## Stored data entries
•••

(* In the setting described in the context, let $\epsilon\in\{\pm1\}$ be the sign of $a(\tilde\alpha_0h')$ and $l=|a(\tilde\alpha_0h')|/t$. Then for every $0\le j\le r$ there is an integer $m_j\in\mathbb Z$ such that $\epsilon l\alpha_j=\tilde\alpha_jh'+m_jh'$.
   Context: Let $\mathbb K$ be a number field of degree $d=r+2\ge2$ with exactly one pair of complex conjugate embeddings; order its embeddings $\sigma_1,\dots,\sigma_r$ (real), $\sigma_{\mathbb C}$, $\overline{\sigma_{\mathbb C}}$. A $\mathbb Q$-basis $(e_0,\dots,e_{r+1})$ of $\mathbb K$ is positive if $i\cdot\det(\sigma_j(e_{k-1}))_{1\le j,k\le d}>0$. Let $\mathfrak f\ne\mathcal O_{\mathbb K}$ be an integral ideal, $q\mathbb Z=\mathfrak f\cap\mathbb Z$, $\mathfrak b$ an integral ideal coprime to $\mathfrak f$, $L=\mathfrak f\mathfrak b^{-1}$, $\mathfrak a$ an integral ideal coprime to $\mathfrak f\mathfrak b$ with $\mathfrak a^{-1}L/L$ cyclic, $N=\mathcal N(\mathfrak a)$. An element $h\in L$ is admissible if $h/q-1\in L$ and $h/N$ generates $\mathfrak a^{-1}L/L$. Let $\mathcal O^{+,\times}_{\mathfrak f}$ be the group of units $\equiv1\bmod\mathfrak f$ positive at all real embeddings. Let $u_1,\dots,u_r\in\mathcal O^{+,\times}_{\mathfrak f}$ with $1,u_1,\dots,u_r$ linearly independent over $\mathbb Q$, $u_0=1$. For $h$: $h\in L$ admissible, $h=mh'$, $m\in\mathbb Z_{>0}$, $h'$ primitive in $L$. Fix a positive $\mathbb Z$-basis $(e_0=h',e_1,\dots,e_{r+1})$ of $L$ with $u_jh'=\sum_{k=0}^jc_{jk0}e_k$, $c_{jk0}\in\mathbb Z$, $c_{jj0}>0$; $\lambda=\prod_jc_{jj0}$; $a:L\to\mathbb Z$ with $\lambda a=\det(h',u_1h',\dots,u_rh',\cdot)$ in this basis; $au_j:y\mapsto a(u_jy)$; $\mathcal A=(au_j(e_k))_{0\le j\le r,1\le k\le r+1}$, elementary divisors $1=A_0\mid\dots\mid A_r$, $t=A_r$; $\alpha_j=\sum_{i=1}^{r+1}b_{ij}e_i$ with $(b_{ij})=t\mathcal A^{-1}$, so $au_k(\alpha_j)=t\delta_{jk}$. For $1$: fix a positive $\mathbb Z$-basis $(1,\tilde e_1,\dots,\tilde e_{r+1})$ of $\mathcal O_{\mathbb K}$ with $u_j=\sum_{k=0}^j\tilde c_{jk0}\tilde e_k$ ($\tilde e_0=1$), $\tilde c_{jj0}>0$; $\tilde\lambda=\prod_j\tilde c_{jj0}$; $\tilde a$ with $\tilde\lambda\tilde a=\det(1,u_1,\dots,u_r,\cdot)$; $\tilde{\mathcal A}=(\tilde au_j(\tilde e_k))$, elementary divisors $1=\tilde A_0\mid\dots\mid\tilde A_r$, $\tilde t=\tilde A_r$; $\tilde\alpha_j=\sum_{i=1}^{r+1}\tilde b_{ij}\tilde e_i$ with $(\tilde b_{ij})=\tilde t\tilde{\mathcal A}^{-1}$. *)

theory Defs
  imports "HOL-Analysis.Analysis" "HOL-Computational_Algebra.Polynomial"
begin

•••

## TASK DETAILS
What is needed is an exact copy of every record above.

## EXERCISE RESPONSE
(* In the setting described in the context, let $\epsilon\in\{\pm1\}$ be the sign of $a(\tilde\alpha_0h')$ and $l=|a(\tilde\alpha_0h')|/t$. Then for every $0\le j\le r$ there is an integer $m_j\in\mathbb Z$ such that $\epsilon l\alpha_j=\tilde\alpha_jh'+m_jh'$.
   Context: Let $\mathbb K$ be a number field of degree $d=r+2\ge2$ with exactly one pair of complex conjugate embeddings; order its embeddings $\sigma_1,\dots,\sigma_r$ (real), $\sigma_{\mathbb C}$, $\overline{\sigma_{\mathbb C}}$. A $\mathbb Q$-basis $(e_0,\dots,e_{r+1})$ of $\mathbb K$ is positive if $i\cdot\det(\sigma_j(e_{k-1}))_{1\le j,k\le d}>0$. Let $\mathfrak f\ne\mathcal O_{\mathbb K}$ be an integral ideal, $q\mathbb Z=\mathfrak f\cap\mathbb Z$, $\mathfrak b$ an integral ideal coprime to $\mathfrak f$, $L=\mathfrak f\mathfrak b^{-1}$, $\mathfrak a$ an integral ideal coprime to $\mathfrak f\mathfrak b$ with $\mathfrak a^{-1}L/L$ cyclic, $N=\mathcal N(\mathfrak a)$. An element $h\in L$ is admissible if $h/q-1\in L$ and $h/N$ generates $\mathfrak a^{-1}L/L$. Let $\mathcal O^{+,\times}_{\mathfrak f}$ be the group of units $\equiv1\bmod\mathfrak f$ positive at all real embeddings. Let $u_1,\dots,u_r\in\mathcal O^{+,\times}_{\mathfrak f}$ with $1,u_1,\dots,u_r$ linearly independent over $\mathbb Q$, $u_0=1$. For $h$: $h\in L$ admissible, $h=mh'$, $m\in\mathbb Z_{>0}$, $h'$ primitive in $L$. Fix a positive $\mathbb Z$-basis $(e_0=h',e_1,\dots,e_{r+1})$ of $L$ with $u_jh'=\sum_{k=0}^jc_{jk0}e_k$, $c_{jk0}\in\mathbb Z$, $c_{jj0}>0$; $\lambda=\prod_jc_{jj0}$; $a:L\to\mathbb Z$ with $\lambda a=\det(h',u_1h',\dots,u_rh',\cdot)$ in this basis; $au_j:y\mapsto a(u_jy)$; $\mathcal A=(au_j(e_k))_{0\le j\le r,1\le k\le r+1}$, elementary divisors $1=A_0\mid\dots\mid A_r$, $t=A_r$; $\alpha_j=\sum_{i=1}^{r+1}b_{ij}e_i$ with $(b_{ij})=t\mathcal A^{-1}$, so $au_k(\alpha_j)=t\delta_{jk}$. For $1$: fix a positive $\mathbb Z$-basis $(1,\tilde e_1,\dots,\tilde e_{r+1})$ of $\mathcal O_{\mathbb K}$ with $u_j=\sum_{k=0}^j\tilde c_{jk0}\tilde e_k$ ($\tilde e_0=1$), $\tilde c_{jj0}>0$; $\tilde\lambda=\prod_j\tilde c_{jj0}$; $\tilde a$ with $\tilde\lambda\tilde a=\det(1,u_1,\dots,u_r,\cdot)$; $\tilde{\mathcal A}=(\tilde au_j(\tilde e_k))$, elementary divisors $1=\tilde A_0\mid\dots\mid\tilde A_r$, $\tilde t=\tilde A_r$; $\tilde\alpha_j=\sum_{i=1}^{r+1}\tilde b_{ij}\tilde e_i$ with $(\tilde b_{ij})=\tilde t\tilde{\mathcal A}^{-1}$. *)

theory Defs
  imports "HOL-Analysis.Analysis" "HOL-Computational_Algebra.Polynomial"
begin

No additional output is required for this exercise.